Scleroderma comes in two main forms: systemic and localized. Scleroderma is a disease of unknown origin that affects the microvasculature and loose connective tissues of the body and is characterized by fibrosis and obliteration of vessels in the skin, lungs, gut, kidneys and heart. Morphea is a localized form of scleroderma and affects primarily just the skin. Lesions are usually limited and most commonly just one lesion is found. However morphea can occur in a generalized form as well as guttate, nodular, subcutaneous and linear forms. Morphea is relatively uncommon and women are affected about three times as often as men. It is also more common in blacks and most patients are between the ages of 20 and 50 years of age at the time of diagnosis. Linear morphea is usually seen at an earlier age with most patients being under 20 years of age. Linear morphea can also affect not just the skin but the underlying structures such as muscle and bone. Antinuclear antibodies, elevated immunoglobulin levels and rheumatoid factor have been know to be elevated in all forms of localized scleroderma but the overall incidence is unknown. In spite of this the prognosis is generally good; the disease often becomes inactive in 3 to 5 years. Residual atrophy and hyperpigmentation/discoloration of the affected skin frequently remains. Disability from damage of underlying structure such as muscle atrophy can occur but is quite rare.
The appearance of morphea is that of a well defined ivory-colored plaque with varying degrees of inflammation about its boarders. It generally starts as a reddened area that appears edematous. The center gradually becomes white or yellow in color. There can be a lack of hair noted in these lesions and sweating may be reduced depending on how advanced the lesion has become.
Generalized morphea is a severe form of the localized disease. Involvement of the skin is widespread with multiple plaques/lesions. The plaques may be larger than in the localized form but in the early stages they may be indistinguishable. It is not associated with systemic disease.
Guttate morphea may be a variant of lichen sclerosis and the two conditions can be seen in the same patient. It is characterized by small chalk white lesions that lack the firm center found in larger lesions of morphea. It involves primarily the neck and upper trunk areas of the body.
Nodular morphea (also known as keloid morphea) is quite rare. Nodular lesions are seen instead of plaques that resemble keloids. It can be seen along with more typical forms of morphea which aids in its diagnosis.

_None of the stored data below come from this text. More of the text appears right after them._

(* Let $D$ be a cone, let $\varphi\colon D\to\overline{\mathbb{R}}_+$ be a sublinear functional, and let $\psi_1,\dots,\psi_n\colon D\to\overline{\mathbb{R}}_+$ ($n\ge1$) be linear functionals such that $\min(\psi_1(x),\dots,\psi_n(x))\le\varphi(x)$ for all $x\in D$. Then there are nonnegative real numbers $a_1,\dots,a_n$ with $\sum_{i=1}^n a_i=1$ such that for all $x\in D$ \[\min(\psi_1(x),\dots,\psi_n(x))\;\le\;\sum_{i=1}^n a_i\psi_i(x)\;\le\;\varphi(x).\]
   Context: $\overline{\mathbb{R}}_+=[0,+\infty)\cup\{+\infty\}$ with the usual order and arithmetic extended by $r+\infty=+\infty$, $r\cdot(+\infty)=+\infty$ for $r>0$, $0\cdot(+\infty)=0$. A cone is a commutative monoid $(C,+,0)$ with a scalar multiplication $[0,\infty)\times C\to C$ satisfying $r(x+y)=rx+ry$, $(r+s)x=rx+sx$, $(rs)x=r(sx)$, $1x=x$, $0x=0$ (no cancellation or additive inverses required). A functional is a map $\varphi\colon C\to\overline{\mathbb{R}}_+$. It is homogeneous if $\varphi(ra)=r\varphi(a)$ for all $a\in C$, $r\in[0,\infty)$; additive if $\varphi(a+b)=\varphi(a)+\varphi(b)$; subadditive if $\varphi(a+b)\le\varphi(a)+\varphi(b)$; linear = homogeneous and additive; sublinear = homogeneous and subadditive. *)

theory Defs
  imports "HOL-Library.Extended_Nonnegative_Real"
begin

text \<open>A cone: carrier is the whole type 'a, with addition add, zero z and
  scalar multiplication sm by nonnegative reals (values of sm at negative
  scalars are irrelevant).\<close>
definition cone :: "('a \<Rightarrow> 'a \<Rightarrow> 'a) \<Rightarrow> 'a \<Rightarrow> (real \<Rightarrow> 'a \<Rightarrow> 'a) \<Rightarrow> bool" where
  "cone add z sm \<longleftrightarrow>
     (\<forall>x y w. add (add x y) w = add x (add y w)) \<and>
     (\<forall>x y. add x y = add y x) \<and>
     (\<forall>x. add x z = x) \<and>
     (\<forall>r x y. r \<ge> 0 \<longrightarrow> sm r (add x y) = add (sm r x) (sm r y)) \<and>
     (\<forall>r s x. r \<ge> 0 \<longrightarrow> s \<ge> 0 \<longrightarrow> sm (r + s) x = add (sm r x) (sm s x)) \<and>
     (\<forall>r s x. r \<ge> 0 \<longrightarrow> s \<ge> 0 \<longrightarrow> sm (r * s) x = sm r (sm s x)) \<and>
     (\<forall>x. sm 1 x = x) \<and>
     (\<forall>x. sm 0 x = z)"

definition homogeneous :: "(real \<Rightarrow> 'a \<Rightarrow> 'a) \<Rightarrow> ('a \<Rightarrow> ennreal) \<Rightarrow> bool" where
  "homogeneous sm f \<longleftrightarrow> (\<forall>r x. r \<ge> 0 \<longrightarrow> f (sm r x) = ennreal r * f x)"

definition additive :: "('a \<Rightarrow> 'a \<Rightarrow> 'a) \<Rightarrow> ('a \<Rightarrow> ennreal) \<Rightarrow> bool" where
  "additive add f \<longleftrightarrow> (\<forall>x y. f (add x y) = f x + f y)"

definition subadditive :: "('a \<Rightarrow> 'a \<Rightarrow> 'a) \<Rightarrow> ('a \<Rightarrow> ennreal) \<Rightarrow> bool" where
  "subadditive add f \<longleftrightarrow> (\<forall>x y. f (add x y) \<le> f x + f y)"

definition linear_functional where
  "linear_functional add sm f \<longleftrightarrow> homogeneous sm f \<and> additive add f"

definition sublinear_functional where
  "sublinear_functional add sm f \<longleftrightarrow> homogeneous sm f \<and> subadditive add f"

end

theory Submission
  imports Defs
begin

text \<open>For x with finite \<phi>(x), every real vector below (\<psi>_i(x) - \<phi>(x))_i (no constraint
  where \<psi>_i(x) is infinite) lies in a set S of real n-vectors which is convex, because \<phi> is
  sublinear and the \<psi>_i are linear, and each point of which has a nonpositive coordinate,
  because min_i \<psi>_i \<le> \<phi>. An elementary alternative theorem, proved by eliminating one
  coordinate at a time, yields a probability vector a with \<Sum>_i a_i y_i \<le> 0 on S; testing
  this on the vector above gives \<Sum>_i a_i \<psi>_i \<le> \<phi>, while min_i \<psi>_i \<le> \<Sum>_i a_i \<psi>_i is
  trivial.\<close>

text \<open>Functions \<open>'i \<Rightarrow> real\<close> carry no \<open>real_vector\<close> instance, so convexity is spelled out
  pointwise.\<close>
definition fun_convex :: "('i \<Rightarrow> real) set \<Rightarrow> bool" where
  "fun_convex S \<longleftrightarrow>
     (\<forall>y\<in>S. \<forall>y'\<in>S. \<forall>t. 0 \<le> t \<and> t \<le> 1 \<longrightarrow> (\<lambda>i. t * y i + (1 - t) * y' i) \<in> S)"

lemma fun_convexD:
  "fun_convex S \<Longrightarrow> y \<in> S \<Longrightarrow> y' \<in> S \<Longrightarrow> 0 \<le> t \<Longrightarrow> t \<le> 1 \<Longrightarrow>
     (\<lambda>i. t * y i + (1 - t) * y' i) \<in> S"
  unfolding fun_convex_def by blast

lemma fun_convex_image_shift:
  assumes "fun_convex S"
  shows "fun_convex ((\<lambda>y i. y i + c * y k) ` S)"
  unfolding fun_convex_def
proof (intro ballI allI impI)
  fix u v and t :: real
  assume "u \<in> (\<lambda>y i. y i + c * y k) ` S" "v \<in> (\<lambda>y i. y i + c * y k) ` S" and t: "0 \<le> t \<and> t \<le> 1"
  then obtain y y' where yS: "y \<in> S" "y' \<in> S" and uv: "u = (\<lambda>i. y i + c * y k)" "v = (\<lambda>i. y' i + c * y' k)"
    by (auto simp only: image_iff)
  have "(\<lambda>i. t * u i + (1 - t) * v i) =
      (\<lambda>y i. y i + c * y k) (\<lambda>i. t * y i + (1 - t) * y' i)"
    unfolding uv by (simp add: algebra_simps)
  moreover have "(\<lambda>i. t * y i + (1 - t) * y' i) \<in> S"
    using fun_convexD[OF assms yS] t by simp
  ultimately show "(\<lambda>i. t * u i + (1 - t) * v i) \<in> (\<lambda>y i. y i + c * y k) ` S"
    by simp
qed

lemma Min_convex_comb_ge:
  fixes y y' :: "'i \<Rightarrow> real"
  assumes "finite I" "I \<noteq> {}" "0 \<le> t" "t \<le> 1"
  shows "t * Min (y ` I) + (1 - t) * Min (y' ` I) \<le> Min ((\<lambda>i. t * y i + (1 - t) * y' i) ` I)"
proof (rule Min.boundedI)
  fix r assume "r \<in> (\<lambda>i. t * y i + (1 - t) * y' i) ` I"
  then obtain i where "i \<in> I" "r = t * y i + (1 - t) * y' i" by blast
  moreover have "Min (y ` I) \<le> y i" "Min (y' ` I) \<le> y' i"
    using \<open>i \<in> I\<close> assms(1) by simp_all
  ultimately show "t * Min (y ` I) + (1 - t) * Min (y' ` I) \<le> r"
    using assms(3,4) by (simp add: add_mono mult_left_mono)
qed (use assms in auto)

text \<open>Were the cross term positive, a point of the segment from y' to y slightly past the
  hyperplane where the k-th coordinate vanishes would have all coordinates positive.\<close>
lemma fun_convex_Min_cross_nonpos:
  assumes conv: "fun_convex S" and I: "finite I" "I \<noteq> {}"
    and nonpos: "\<forall>w\<in>S. \<exists>i\<in>insert k I. w i \<le> 0"
    and y: "y \<in> S" "y k > 0" and y': "y' \<in> S" "y' k \<le> 0"
  shows "Min (y' ` I) * y k - Min (y ` I) * y' k \<le> 0"
proof (rule ccontr)
  define m where "m = Min (y ` I)"
  define m' where "m' = Min (y' ` I)"
  define p where "p = y k"
  define q where "q = - y' k"
  define E where "E = m' * p + m * q"
  assume "\<not> ?thesis"
  then have "E > 0" unfolding E_def m_def m'_def p_def q_def by simp
  have "p > 0" "q \<ge> 0" using y y' unfolding p_def q_def by auto
  define \<delta> where "\<delta> = E / (\<bar>m\<bar> + 1)"
  have "\<delta> > 0" using \<open>E > 0\<close> unfolding \<delta>_def by simp
  have "\<delta> * \<bar>m\<bar> < \<delta> * (\<bar>m\<bar> + 1)" using \<open>\<delta> > 0\<close> by simp
  also have "\<dots> = E" unfolding \<delta>_def by simp
  finally have "\<delta> * \<bar>m\<bar> < E" .
  moreover have "\<delta> * - \<bar>m\<bar> \<le> \<delta> * m" using \<open>\<delta> > 0\<close> by (intro mult_left_mono) auto
  ultimately have "E + \<delta> * m > 0" by simp
  define D where "D = p + q + \<delta>"
  have "D > 0" using \<open>p > 0\<close> \<open>q \<ge> 0\<close> \<open>\<delta> > 0\<close> unfolding D_def by simp
  define t where "t = (q + \<delta>) / D"
  have tD: "t * D = q + \<delta>" and tD': "(1 - t) * D = p"
    using \<open>D > 0\<close> unfolding t_def D_def by (simp_all add: field_simps)
  have "0 \<le> t" "t \<le> 1" using \<open>q \<ge> 0\<close> \<open>\<delta> > 0\<close> \<open>p > 0\<close> \<open>D > 0\<close> unfolding t_def D_def by simp_all
  define w where "w = (\<lambda>i. t * y i + (1 - t) * y' i)"
  have "w \<in> S" unfolding w_def by (rule fun_convexD[OF conv y(1) y'(1) \<open>0 \<le> t\<close> \<open>t \<le> 1\<close>])
  have "w k * D = \<delta> * p"
  proof -
    have "w k * D = (t * D) * y k + ((1 - t) * D) * y' k" unfolding w_def by (simp add: algebra_simps)
    then show ?thesis unfolding tD tD' p_def q_def by (simp add: algebra_simps)
  qed
  then have "w k > 0" using \<open>D > 0\<close> \<open>\<delta> > 0\<close> \<open>p > 0\<close> by (metis mult_pos_pos zero_less_mult_pos2)
  have "(t * m + (1 - t) * m') * D = E + \<delta> * m"
  proof -
    have "(t * m + (1 - t) * m') * D = (t * D) * m + ((1 - t) * D) * m'" by (simp add: algebra_simps)
    then show ?thesis unfolding tD tD' E_def by (simp add: algebra_simps)
  qed
  then have "t * m + (1 - t) * m' > 0" using \<open>D > 0\<close> \<open>E + \<delta> * m > 0\<close> by (metis zero_less_mult_pos2)
  then have "Min (w ` I) > 0"
    using Min_convex_comb_ge[OF I \<open>0 \<le> t\<close> \<open>t \<le> 1\<close>, of y y'] unfolding w_def m_def m'_def by linarith
  then have "\<forall>i\<in>insert k I. w i > 0" using \<open>w k > 0\<close> I by auto
  then show False using nonpos \<open>w \<in> S\<close> by fastforce
qed

text \<open>c is the infimum of the slopes \<open>- Min (y ` I) / y k\<close> over y with \<open>y k > 0\<close>; the cross
  inequality places the slopes of the points with \<open>y k < 0\<close> below all of them.\<close>
lemma fun_convex_shift_weight:
  assumes conv: "fun_convex S" and I: "finite I" "I \<noteq> {}"
    and nonpos: "\<forall>w\<in>S. \<exists>i\<in>insert k I. w i \<le> 0"
    and y0: "y0 \<in> S" "y0 k > 0"
  obtains c where "c \<ge> 0" "\<forall>y\<in>S. Min (y ` I) + c * y k \<le> 0"
proof -
  have cross: "Min (y' ` I) * y k - Min (y ` I) * y' k \<le> 0"
    if "y \<in> S" "y k > 0" "y' \<in> S" "y' k \<le> 0" for y y'
    using fun_convex_Min_cross_nonpos[OF conv I nonpos that] .
  have Min_nonpos: "Min (y ` I) \<le> 0" if "y \<in> S" "y k > 0" for y
  proof -
    obtain i where "i \<in> insert k I" "y i \<le> 0" using nonpos \<open>y \<in> S\<close> by blast
    with \<open>y k > 0\<close> have "i \<in> I" by auto
    then have "Min (y ` I) \<le> y i" using I by simp
    with \<open>y i \<le> 0\<close> show ?thesis by linarith
  qed
  define U where "U = {- Min (y ` I) / y k | y. y \<in> S \<and> y k > 0}"
  have "U \<noteq> {}" using y0 unfolding U_def by blast
  have U_nonneg: "0 \<le> u" if "u \<in> U" for u
    using that Min_nonpos unfolding U_def by (auto intro!: divide_nonpos_pos)
  then have "bdd_below U" unfolding bdd_below_def by blast
  define c where "c = Inf U"
  have "c \<ge> 0" unfolding c_def using \<open>U \<noteq> {}\<close> U_nonneg by (rule cInf_greatest)
  moreover have "Min (y ` I) + c * y k \<le> 0" if "y \<in> S" for y
  proof (cases "y k" "0 :: real" rule: linorder_cases)
    case less
    have "Min (y ` I) / - y k \<le> u" if "u \<in> U" for u
      using that cross[of _ y] \<open>y \<in> S\<close> less unfolding U_def by (auto simp: field_simps)
    then have "Min (y ` I) / - y k \<le> c" unfolding c_def by (rule cInf_greatest[OF \<open>U \<noteq> {}\<close>])
    with less show ?thesis by (simp add: field_simps)
  next
    case equal
    then show ?thesis using cross[OF y0(1,2) \<open>y \<in> S\<close>] y0(2) by (simp add: mult_le_0_iff)
  next
    case greater
    have "c \<le> - Min (y ` I) / y k"
      unfolding c_def using \<open>bdd_below U\<close> \<open>y \<in> S\<close> greater by (intro cInf_lower) (auto simp: U_def)
    with greater show ?thesis by (simp add: field_simps)
  qed
  ultimately show ?thesis using that by blast
qed

lemma fun_convex_nonpos_coord_imp_weights:
  assumes "finite I" "I \<noteq> {}" "fun_convex S" "\<forall>y\<in>S. \<exists>i\<in>I. y i \<le> 0"
  shows "\<exists>a. (\<forall>i\<in>I. 0 \<le> a i) \<and> sum a I = 1 \<and> (\<forall>y\<in>S. (\<Sum>i\<in>I. a i * y i) \<le> 0)"
  using assms
proof (induction I arbitrary: S rule: finite_ne_induct)
  case (singleton k)
  then show ?case by (intro exI[of _ "\<lambda>_. 1"]) auto
next
  case (insert k I)
  show ?case
  proof (cases "\<forall>y\<in>S. y k \<le> 0")
    case True
    have "(\<Sum>i\<in>I. (if i = k then 1 else 0) * y i) = 0" for y :: "'a \<Rightarrow> real"
      using insert.hyps by (intro sum.neutral) auto
    with True show ?thesis
      using insert.hyps by (intro exI[of _ "\<lambda>i. if i = k then 1 else 0"]) auto
  next
    case False
    txt \<open>Adding c times coordinate k to the others removes coordinate k; weights for the
      shifted set extend to insert k I by giving k the weight c and renormalising.\<close>
    then obtain y0 where y0: "y0 \<in> S" "y0 k > 0" by (auto simp: not_le)
    obtain c where "c \<ge> 0" and c: "\<forall>y\<in>S. Min (y ` I) + c * y k \<le> 0"
      using fun_convex_shift_weight[OF insert.prems(1) insert.hyps(1,2) insert.prems(2) y0] .
    define shift where "shift y = (\<lambda>i. y i + c * y k)" for y :: "'a \<Rightarrow> real"
    have "\<exists>i\<in>I. shift y i \<le> 0" if "y \<in> S" for y
    proof -
      have "Min (y ` I) \<in> y ` I" using insert.hyps by simp
      then obtain i where "i \<in> I" "y i = Min (y ` I)" by auto
      then show ?thesis using c \<open>y \<in> S\<close> unfolding shift_def by force
    qed
    moreover have "fun_convex (shift ` S)"
      unfolding shift_def by (rule fun_convex_image_shift[OF insert.prems(1)])
    ultimately obtain b where b: "\<forall>i\<in>I. 0 \<le> b i" "sum b I = 1"
      and b_nonpos: "\<forall>y\<in>S. (\<Sum>i\<in>I. b i * shift y i) \<le> 0"
      using insert.IH[of "shift ` S"] by blast
    define a where "a i = (if i = k then c else b i) / (1 + c)" for i
    have sum_a: "(\<Sum>i\<in>insert k I. a i * g i) = (c * g k + (\<Sum>i\<in>I. b i * g i)) / (1 + c)" for g
    proof -
      have "(\<Sum>i\<in>I. a i * g i) = (\<Sum>i\<in>I. b i * g i) / (1 + c)"
        unfolding sum_divide_distrib using insert.hyps(3) by (intro sum.cong) (auto simp: a_def)
      then show ?thesis using insert.hyps by (simp add: a_def add_divide_distrib)
    qed
    show ?thesis
    proof (intro exI[of _ a] conjI ballI)
      show "0 \<le> a i" if "i \<in> insert k I" for i
        using that b(1) \<open>c \<ge> 0\<close> unfolding a_def by auto
      show "sum a (insert k I) = 1"
        using sum_a[of "\<lambda>_. 1"] b(2) \<open>c \<ge> 0\<close> by simp
      show "(\<Sum>i\<in>insert k I. a i * y i) \<le> 0" if "y \<in> S" for y
      proof -
        have "c * y k + (\<Sum>i\<in>I. b i * y i) = (\<Sum>i\<in>I. b i * shift y i)"
          using b(2) unfolding shift_def by (simp add: distrib_left sum.distrib flip: sum_distrib_right)
        then show ?thesis
          unfolding sum_a using b_nonpos \<open>y \<in> S\<close> \<open>c \<ge> 0\<close> by (simp add: divide_nonpos_pos)
      qed
    qed
  qed
qed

Subcutaneous morphea (also known as morphea profunda) is noted by deep, bound-down, sclerotic plaques. This occurs much deeper in the skin and because of this the typical inflammatory changes and coloration is not generally seen.
Atophoderma of Pierini and Pasini is an uncommon very superficial form of morphea in which develops several oval, hyperpigmented (dark) atrophic plaques on the trunk. The distinctive feature is the lack of sclerosis seen in other forms of morphea. In a well developed lesion there is a slightly depressed center with a well defined border described as "cliff-drop” in appearance.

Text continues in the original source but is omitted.